# india ink



## ahoiberg (Oct 9, 2007)

i read somewhere that you should NOT use india inks in your fountain pens. however, the only bottle of "fountain" ink at my local craft store was in fact, india fountain ink. should i ditch it and go with quink or something a little better?

also, is there something in india inks that make them undesirable?

thanks.


----------



## Radman (Oct 9, 2007)

Ditch the india!!!!!!!!
Quink is just fine, I use it quite often.  Different inks may be available at your local stationary store.  If not, there's an abundance online.
[8D]


----------



## jeffj13 (Oct 9, 2007)

Do not use india ink.  It will clog your feed.

I would buy from one of the reputable dealers that have been mentioned here in the past.  I personally like Pear Tree Pens.

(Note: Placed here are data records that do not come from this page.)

lemma blinfun_almost_attains_norm:
  fixes A :: "'a::real_normed_vector \<Rightarrow>\<^sub>L 'b::real_normed_vector"
  assumes "\<eta> > 0"
  obtains x where "norm x \<le> 1" "norm A - \<eta> \<le> norm (A x)"
proof (rule ccontr)
  assume "\<not> thesis"
  hence small: "\<And>x. norm x \<le> 1 \<Longrightarrow> norm (A x) < norm A - \<eta>" using that by force
  have nonneg: "0 \<le> norm A - \<eta>" using small[of 0] by simp
  have "norm (A x) \<le> (norm A - \<eta>) * norm x" for x
  proof (cases "x = 0")
    case False
    have "norm (A (x /\<^sub>R norm x)) < norm A - \<eta>" using False by (intro small) simp
    thus ?thesis using False by (simp add: blinfun.scaleR_right field_simps)
  qed simp
  hence "norm A \<le> norm A - \<eta>" using nonneg by (intro norm_blinfun_bound) auto
  thus False using assms by simp
qed

lemma norm_blinfun_apply_le:
  fixes A :: "'a::real_normed_vector \<Rightarrow>\<^sub>L 'b::real_normed_vector"
  assumes "norm x \<le> 1"
  shows "norm (A x) \<le> norm A"
  using norm_blinfun[of A x] mult_left_mono[OF assms, of "norm A"] by simp

lemma rank_one_apply: "rank_one f y x = f x *\<^sub>R y"
proof -
  have "bounded_linear (\<lambda>x. f x *\<^sub>R y)"
    by (intro bounded_linear_compose[OF bounded_linear_scaleR_left] blinfun.bounded_linear_right)
  thus ?thesis unfolding rank_one_def by (simp add: bounded_linear_Blinfun_apply)
qed

lemma norm_rank_one:
  assumes "norm f = 1" "norm y = 1"
  shows "norm (rank_one f y) = 1"
proof (rule antisym)
  show "norm (rank_one f y) \<le> 1"
    by (rule norm_blinfun_bound) (use assms norm_blinfun[of f] in \<open>auto simp: rank_one_apply\<close>)
  have "norm f \<le> norm (rank_one f y)"
    by (rule norm_blinfun_bound) (use assms norm_blinfun[of "rank_one f y"] in \<open>auto simp: rank_one_apply\<close>)
  thus "1 \<le> norm (rank_one f y)" using assms by simp
qed
(* Let $d\ge2$, equip $\mathbb{R}^d$ with the canonical Euclidean norm $|\cdot|$, and let $X$ be an $\mathbb{R}^d$-valued random vector with $\mathbb{E}|X|^2<+\infty$ whose distribution $\mu$ assigns no mass to hyperplanes and has convex support $C_\mu=\operatorname{supp}(\mu)$. Let $(a_N)_{N\ge1}$ be an $L^2$-optimal greedy quantization sequence for $X$, fix $N\ge2$, and write $a^{(N-1)}=\{a_1,\dots,a_{N-1}\}$, $a^{(N)}=\{a_1,\dots,a_N\}$. Let $a_{[0]}\in C_\mu\setminus a^{(N-1)}$ and define recursively $$a_{[n+1]}=\mathbb{E}\big(X\,\big|\,X\in W_{N,[n]}\big),\quad n\ge0,$$ where $W_{N,[n]}=\{\xi\in\mathbb{R}^d:|\xi-a_{[n]}|\le d(\xi,a^{(N-1)})\}$ is the closed Voronoi cell of $a_{[n]}$ induced by $a^{(N-1)}\cup\{a_{[n]}\}$. Then $(a_{[n]})_{n\ge0}$ is bounded and there exists $\ell\in\big[e_2(a^{(N)},X),\,e_2(a^{(N-1)}\cup\{a_{[0]}\},X)\big]$ such that the set of limiting points of $(a_{[n]})_{n\ge0}$ is a connected compact subset of $$\Lambda_\ell=\Big\{a\in\mathbb{R}^d:\ e_2\big(a^{(N-1)}\cup\{a\},X\big)=\ell\ \text{ and }\ a=\mathbb{E}\big(X\,\big|\,X\in W_{N,a}\big)\Big\},$$ where $W_{N,a}=\{\xi:|\xi-a|\le d(\xi,a^{(N-1)})\}$. In particular $e_2(a^{(N-1)}\cup\{a_{[n]}\},X)\to\ell$ as $n\to+\infty$. Furthermore, if $\Lambda_\ell$ is locally finite (has finite intersection with every compact subset of $\mathbb{R}^d$), then $a_{[n]}$ converges to some point of $\Lambda_\ell$.
   Context: For $\Gamma\subset\mathbb{R}^d$ put $e_2(\Gamma,X)=\big(\mathbb{E}\,d(X,\Gamma)^2\big)^{1/2}$ with $d(\xi,\Gamma)=\inf_{a\in\Gamma}|\xi-a|$ ($d(\xi,\emptyset)=+\infty$). A sequence $(a_N)_{N\ge1}$ is an $L^2$-optimal greedy quantization sequence if, writing $a^{(N)}=\{a_1,\dots,a_N\}$ and $a^{(0)}=\emptyset$, $a_{N+1}\in\operatorname{argmin}_{\xi\in\mathbb{R}^d}e_2(a^{(N)}\cup\{\xi\},X)$ for every $N\ge0$. *)

theory Defs
  imports "HOL-Probability.Probability"
begin

definition quant_err2 :: "'p measure \<Rightarrow> ('p \<Rightarrow> 'a::euclidean_space) \<Rightarrow> 'a set \<Rightarrow> real" where
  "quant_err2 M X \<Gamma> = sqrt (\<integral>\<omega>. (infdist (X \<omega>) \<Gamma>)\<^sup>2 \<partial>M)"

definition greedy_quant_seq :: "'p measure \<Rightarrow> ('p \<Rightarrow> 'a::euclidean_space) \<Rightarrow> (nat \<Rightarrow> 'a) \<Rightarrow> bool" where
  "greedy_quant_seq M X a \<longleftrightarrow>
     (\<forall>N. \<forall>\<xi>. quant_err2 M X (a ` {1..N} \<union> {a (Suc N)}) \<le> quant_err2 M X (a ` {1..N} \<union> {\<xi>}))"

definition distr_support :: "'p measure \<Rightarrow> ('p \<Rightarrow> 'a::euclidean_space) \<Rightarrow> 'a set" where
  "distr_support M X = {x. \<forall>r>0. measure M {\<omega>\<in>space M. X \<omega> \<in> ball x r} > 0}"

definition voronoi_cell :: "'a::euclidean_space set \<Rightarrow> 'a \<Rightarrow> 'a set" where
  "voronoi_cell A a = {\<xi>. dist \<xi> a \<le> infdist \<xi> A}"

definition cond_mean :: "'p measure \<Rightarrow> ('p \<Rightarrow> 'a::euclidean_space) \<Rightarrow> 'a set \<Rightarrow> 'a" where
  "cond_mean M X W = (1 / measure M {\<omega>\<in>space M. X \<omega> \<in> W}) *\<^sub>R
      (\<integral>\<omega>. indicator {\<omega>\<in>space M. X \<omega> \<in> W} \<omega> *\<^sub>R X \<omega> \<partial>M)"
(* Let $T$ be a bounded linear operator on a complex Banach space $X$ with spectrum $\sigma(T)=\{1\}$. Then $\mathcal{E}(T)\cap\mathcal{E}(T^{-1})=\{0\}$.
   Context: For a bounded linear operator $S$ on $X$, $\mathcal{E}(S)=\{x\in X:S^nx\to0\text{ as }n\to\infty\}$. (Here $T$ is invertible since $0\notin\sigma(T)$.) *)

theory Defs
  imports "HOL-Analysis.Analysis"
begin

text \<open>Complex vector spaces: a real vector space with a compatible complex scalar
  multiplication (the library only provides real normed spaces).\<close>

class complex_vector = real_vector +
  fixes scaleC :: "complex \<Rightarrow> 'a \<Rightarrow> 'a" (infixr \<open>*\<^sub>C\<close> 75)
  assumes scaleC_add_right: "a *\<^sub>C (x + y) = a *\<^sub>C x + a *\<^sub>C y"
    and scaleC_add_left: "(a + b) *\<^sub>C x = a *\<^sub>C x + b *\<^sub>C x"
    and scaleC_scaleC: "a *\<^sub>C (b *\<^sub>C x) = (a * b) *\<^sub>C x"
    and scaleC_one: "1 *\<^sub>C x = x"
    and scaleR_scaleC: "scaleR r x = (complex_of_real r) *\<^sub>C x"

class complex_normed_vector = complex_vector + real_normed_vector +
  assumes norm_scaleC: "norm (a *\<^sub>C x) = cmod a * norm x"

definition bounded_clinear :: "('a::complex_normed_vector \<Rightarrow> 'b::complex_normed_vector) \<Rightarrow> bool" where
  "bounded_clinear T \<longleftrightarrow> bounded_linear T \<and> (\<forall>c x. T (c *\<^sub>C x) = c *\<^sub>C T x)"

definition op_invertible :: "('a::complex_normed_vector \<Rightarrow> 'a) \<Rightarrow> bool" where
  "op_invertible T \<longleftrightarrow> (\<exists>S. bounded_clinear S \<and> S \<circ> T = id \<and> T \<circ> S = id)"

definition spectrum :: "('a::complex_normed_vector \<Rightarrow> 'a) \<Rightarrow> complex set" where
  "spectrum T = {z. \<not> op_invertible (\<lambda>x. T x - z *\<^sub>C x)}"

text \<open>E(S) = {x. S^n x \<rightarrow> 0}.\<close>
definition decay_set :: "('a::real_normed_vector \<Rightarrow> 'a) \<Rightarrow> 'a set" where
  "decay_set S = {x. (\<lambda>n. (S ^^ n) x) \<longlonglongrightarrow> 0}"

end

theory Submission
  imports Defs "HOL-Complex_Analysis.Complex_Analysis"
begin

text \<open>
  Let \<open>x\<close> decay under both \<open>T\<close> and \<open>T\<^sup>-\<^sup>1\<close>, let \<open>R z = (T - z)\<^sup>-\<^sup>1\<close> and let \<open>\<phi>\<close> be a bounded
  functional. Iterating \<open>R z T = I + z R z\<close> expands \<open>R z x\<close> in powers of \<open>1/z\<close> with coefficients
  \<open>T\<^sup>n x\<close> outside the unit circle and in powers of \<open>z\<close> with coefficients \<open>T\<^sup>-\<^sup>n\<^sup>-\<^sup>1 x\<close> inside it; as the
  coefficients tend to \<open>0\<close>, an Abel-mean argument gives \<open>(|z| - 1) \<parallel>R z x\<parallel> \<rightarrow> 0\<close> as \<open>z \<rightarrow> 1\<close>.
  Cauchy estimates on small circles around points near \<open>1\<close> then show that the singularity of the
  holomorphic function \<open>\<phi> (R z x)\<close> at \<open>1\<close> is removable; since it vanishes at infinity, Liouville's
  theorem makes it \<open>0\<close>. Finally \<open>\<phi> x = \<phi> (T (R z x)) - z \<phi> (R z x) \<rightarrow> 0\<close> as \<open>z \<rightarrow> \<infinity>\<close>, so \<open>\<phi> x = 0\<close>
  for every \<open>\<phi>\<close>, and \<open>x = 0\<close> by Hahn--Banach.
\<close>

section \<open>Complex normed vector spaces\<close>

instantiation complex :: complex_normed_vector
begin
definition scaleC_complex :: "complex \<Rightarrow> complex \<Rightarrow> complex" where
  "scaleC_complex = (*)"
instance
  by standard (auto simp: scaleC_complex_def scaleR_conv_of_real algebra_simps norm_mult)
end

lemma scaleC_zero_left [simp]: "0 *\<^sub>C (x::'a::complex_vector) = 0"
  using scaleR_scaleC[of 0 x] by simp

lemma scaleC_minus1_left [simp]: "(-1) *\<^sub>C (x::'a::complex_vector) = - x"
  using scaleR_scaleC[of "-1" x] by simp

lemma scaleC_of_real: "complex_of_real r *\<^sub>C (x::'a::complex_vector) = r *\<^sub>R x"
  by (simp add: scaleR_scaleC)

lemma scaleC_minus_left: "(- a) *\<^sub>C (x::'a::complex_vector) = - (a *\<^sub>C x)"
  by (metis minus_mult_commute mult_1 scaleC_minus1_left scaleC_scaleC)

lemma scaleC_diff_left: "(a - b) *\<^sub>C (x::'a::complex_vector) = a *\<^sub>C x - b *\<^sub>C x"
  by (metis diff_conv_add_uminus scaleC_add_left scaleC_minus_left)

lemma bounded_clinear_imp_bounded_linear: "bounded_clinear f \<Longrightarrow> bounded_linear f"
  by (simp add: bounded_clinear_def)

lemma bounded_clinear_imp_linear: "bounded_clinear f \<Longrightarrow> linear f"
  by (simp add: bounded_clinear_def bounded_linear.linear)

lemma bounded_clinear_scaleC: "bounded_clinear f \<Longrightarrow> f (c *\<^sub>C x) = c *\<^sub>C f x"
  by (simp add: bounded_clinear_def)

lemma bounded_clinear_compose:
  "bounded_clinear f \<Longrightarrow> bounded_clinear g \<Longrightarrow> bounded_clinear (\<lambda>x. f (g x))"
  by (simp add: bounded_clinear_def bounded_linear_compose)

section \<open>Hahn--Banach for normed spaces\<close>

text \<open>Partial functionals are represented by their graphs, so that a chain of extensions is
  bounded by its union.\<close>

definition norming_graph :: "'a::real_normed_vector \<Rightarrow> ('a \<times> real) set \<Rightarrow> bool" where
  "norming_graph x G \<longleftrightarrow> (x, norm x) \<in> G
     \<and> (\<forall>u r s. (u, r) \<in> G \<longrightarrow> (u, s) \<in> G \<longrightarrow> r = s)
     \<and> (\<forall>u r v s. (u, r) \<in> G \<longrightarrow> (v, s) \<in> G \<longrightarrow> (u + v, r + s) \<in> G)
     \<and> (\<forall>u r c. (u, r) \<in> G \<longrightarrow> (c *\<^sub>R u, c * r) \<in> G)
     \<and> (\<forall>u r. (u, r) \<in> G \<longrightarrow> r \<le> norm u)"

lemma norming_graph_line:
  fixes x :: "'a::real_normed_vector"
  assumes "x \<noteq> 0"
  shows "norming_graph x {(t *\<^sub>R x, t * norm x) | t. True}"
proof -
  have "t * norm x \<le> norm (t *\<^sub>R x)" for t
    by (simp add: mult_right_mono)
  then show ?thesis
    using assms unfolding norming_graph_def
    by (auto simp: algebra_simps intro: exI[of _ 1] exI[of _ "_ + _"] exI[of _ "_ * _"])
qed

lemma norming_graph_Union_chain:
  assumes "C \<in> chains {G. norming_graph x G}" "C \<noteq> {}"
  shows "norming_graph x (\<Union>C)"
proof -
  have graphs: "\<And>G. G \<in> C \<Longrightarrow> norming_graph x G"
    using assms(1) by (auto simp: chains_def)
  have common: "\<exists>G\<in>C. a \<in> G \<and> b \<in> G" if "a \<in> \<Union>C" "b \<in> \<Union>C" for a b
    using that assms(1) unfolding chains_def chain_subset_def by blast
  show ?thesis
    unfolding norming_graph_def
  proof (intro conjI allI impI)
    show "(x, norm x) \<in> \<Union>C"
      using assms(2) graphs unfolding norming_graph_def by blast
  next
    fix u r s assume "(u, r) \<in> \<Union>C" "(u, s) \<in> \<Union>C"
    then show "r = s"
      using common graphs unfolding norming_graph_def by metis
  next
    fix u r v s assume "(u, r) \<in> \<Union>C" "(v, s) \<in> \<Union>C"
    then show "(u + v, r + s) \<in> \<Union>C"
      using common graphs unfolding norming_graph_def by (metis UnionI)
  next
    fix u r c assume "(u, r) \<in> \<Union>C"
    then show "(c *\<^sub>R u, c * r) \<in> \<Union>C"
      using graphs unfolding norming_graph_def by blast
  next
    fix u r assume "(u, r) \<in> \<Union>C"
    then show "r \<le> norm u"
      using graphs unfolding norming_graph_def by blast
  qed
qed

lemma norming_graph_zero: "norming_graph x G \<Longrightarrow> (0, 0) \<in> G"
  unfolding norming_graph_def by (metis mult_zero_left scaleR_zero_left)

lemma norming_graph_extension_value:
  assumes "norming_graph x G"
  obtains c where "\<And>v s. (v, s) \<in> G \<Longrightarrow> s - norm (v - y) \<le> c"
    and "\<And>v s. (v, s) \<in> G \<Longrightarrow> c \<le> norm (v + y) - s"
proof -
  have key: "s - norm (v - y) \<le> norm (v' + y) - s'" if "(v, s) \<in> G" "(v', s') \<in> G" for v s v' s'
  proof -
    have "s + s' \<le> norm (v + v')"
      using assms that unfolding norming_graph_def by blast
    also have "\<dots> \<le> norm (v - y) + norm (v' + y)"
      using norm_triangle_ineq[of "v - y" "v' + y"] by simp
    finally show ?thesis by simp
  qed
  define L where "L = (\<lambda>(v, s). s - norm (v - y)) ` G"
  have "L \<noteq> {}" using norming_graph_zero[OF assms] by (auto simp: L_def)
  moreover have "bdd_above L"
    using key[OF _ norming_graph_zero[OF assms]] by (force simp: L_def bdd_above_def)
  ultimately show ?thesis
    using key by (intro that[of "Sup L"] cSup_upper cSup_least) (force simp: L_def)+
qed

lemma norming_graph_extension_dominated:
  assumes G: "norming_graph x G" and "(u, r) \<in> G"
    and lower: "\<And>v s. (v, s) \<in> G \<Longrightarrow> s - norm (v - y) \<le> c"
    and upper: "\<And>v s. (v, s) \<in> G \<Longrightarrow> c \<le> norm (v + y) - s"
  shows "r + t * c \<le> norm (u + t *\<^sub>R y)"
proof -
  have scaled: "(a *\<^sub>R u, a * r) \<in> G" for a
    using G \<open>(u, r) \<in> G\<close> unfolding norming_graph_def by blast
  consider "t = 0" | "t > 0" | "t < 0" by linarith
  then show ?thesis
  proof cases
    case 1
    then show ?thesis using G \<open>(u, r) \<in> G\<close> unfolding norming_graph_def by simp
  next
    case 2
    have "t * c \<le> t * (norm ((1/t) *\<^sub>R u + y) - (1/t) * r)"
      using 2 upper[OF scaled[of "1/t"]] by (intro mult_left_mono) auto
    also have "\<dots> = norm (t *\<^sub>R ((1/t) *\<^sub>R u + y)) - r"
      using 2 by (simp add: right_diff_distrib)
    also have "t *\<^sub>R ((1/t) *\<^sub>R u + y) = u + t *\<^sub>R y"
      using 2 by (simp add: algebra_simps)
    finally show ?thesis by simp
  next
    case 3
    define w where "w = (- 1/t) *\<^sub>R u - y"
    have "r - norm (u + t *\<^sub>R y) = r - norm ((- t) *\<^sub>R w)"
      using 3 by (simp add: w_def algebra_simps)
    also have "\<dots> = (- t) * ((- 1/t) * r - norm w)"
      using 3 by (simp add: right_diff_distrib)
    also have "\<dots> \<le> (- t) * c"
      using 3 lower[OF scaled[of "-1/t"]] by (intro mult_left_mono) (auto simp: w_def)
    finally show ?thesis by simp
  qed
qed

If you are on the impatient side, you can head to your local Staples and pick up some Waterman cartridges.

jeff


----------



## wdcav1952 (Oct 9, 2007)

Try Staples or a similar store.  They usually have Quink, and as mentioned it is an excellent fountain pen ink.


----------



## Narwhale (Oct 9, 2007)

India ink is a suspension  of fluid and particles. The particles clob foutain pen feeds and/or nibs.
Regular ink sutable for a foutain pen is a solution, which will not separate.
Don't use the india ink in a foutain pen, you are inviting trouble.
Rich S.


----------